Segment Open
lemma block_mYB_sorted:
  assumes form: "invariant_form sc B"
    and skew: "\<forall>i<n. \<forall>j<n. is_adjoint B (A i j) (\<lambda>v. - A j i v)"
    and add: "\<forall>i<n. \<forall>j<n. additive (A i j)"
    and diag: "\<forall>j<n. mYB sc UNIV (A j j) \<alpha>"
    and Hom: "\<forall>i<n. \<forall>j<n. i \<noteq> j \<longrightarrow> Hom (A i j) (A j j)"
    and triple: "\<forall>i j k. i < j \<and> j < k \<and> k < n \<longrightarrow> (\<forall>X Y.
              comm (A i j X) (A i k Y) = A i k (comm (A k j X) Y) + A i j (comm X (A j k Y)))"
    and bounds: "i \<le> j" "j \<le> k" "k < n"
  shows "block_mYB sc A \<alpha> i j k"
proof -
  consider "i = j" "j = k" | "i < j" "j = k" | "i < j" "j < k" | "i = j" "j < k"
    using bounds by linarith
  then show ?thesis
  proof cases
    case 1
    then show ?thesis using diag add bounds by (simp add: block_mYB_iff_mYB)
  next
    case 2
    then show ?thesis using Hom add bounds by (simp add: block_mYB_iff_Hom)
  next
    case 3
    then show ?thesis using triple bounds by (simp add: block_mYB_iff_offdiag)
  next
    case 4
    then have "k \<noteq> j" "j < n"
      using bounds by simp_all
    with Hom add bounds have "block_mYB sc A \<alpha> k j j"
      by (simp add: block_mYB_iff_Hom)
    then have "block_mYB sc A \<alpha> j j k"
      using block_mYB_rotate[OF form skew, where i = k and j = j and k = j] bounds \<open>j < n\<close> by blast
    with 4 show ?thesis
      by simp
  qed
qed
Segment Closed
■ WHAT THE TASK REQUIRES: Only lines holding the string "form" are wanted; gather each one from the entries above.

■ ANSWER TO THE EXERCISE:
  assumes form: "invariant_form sc B"
      using block_mYB_rotate[OF form skew, where i = k and j = j and k = j] bounds \<open>j < n\<close> by blast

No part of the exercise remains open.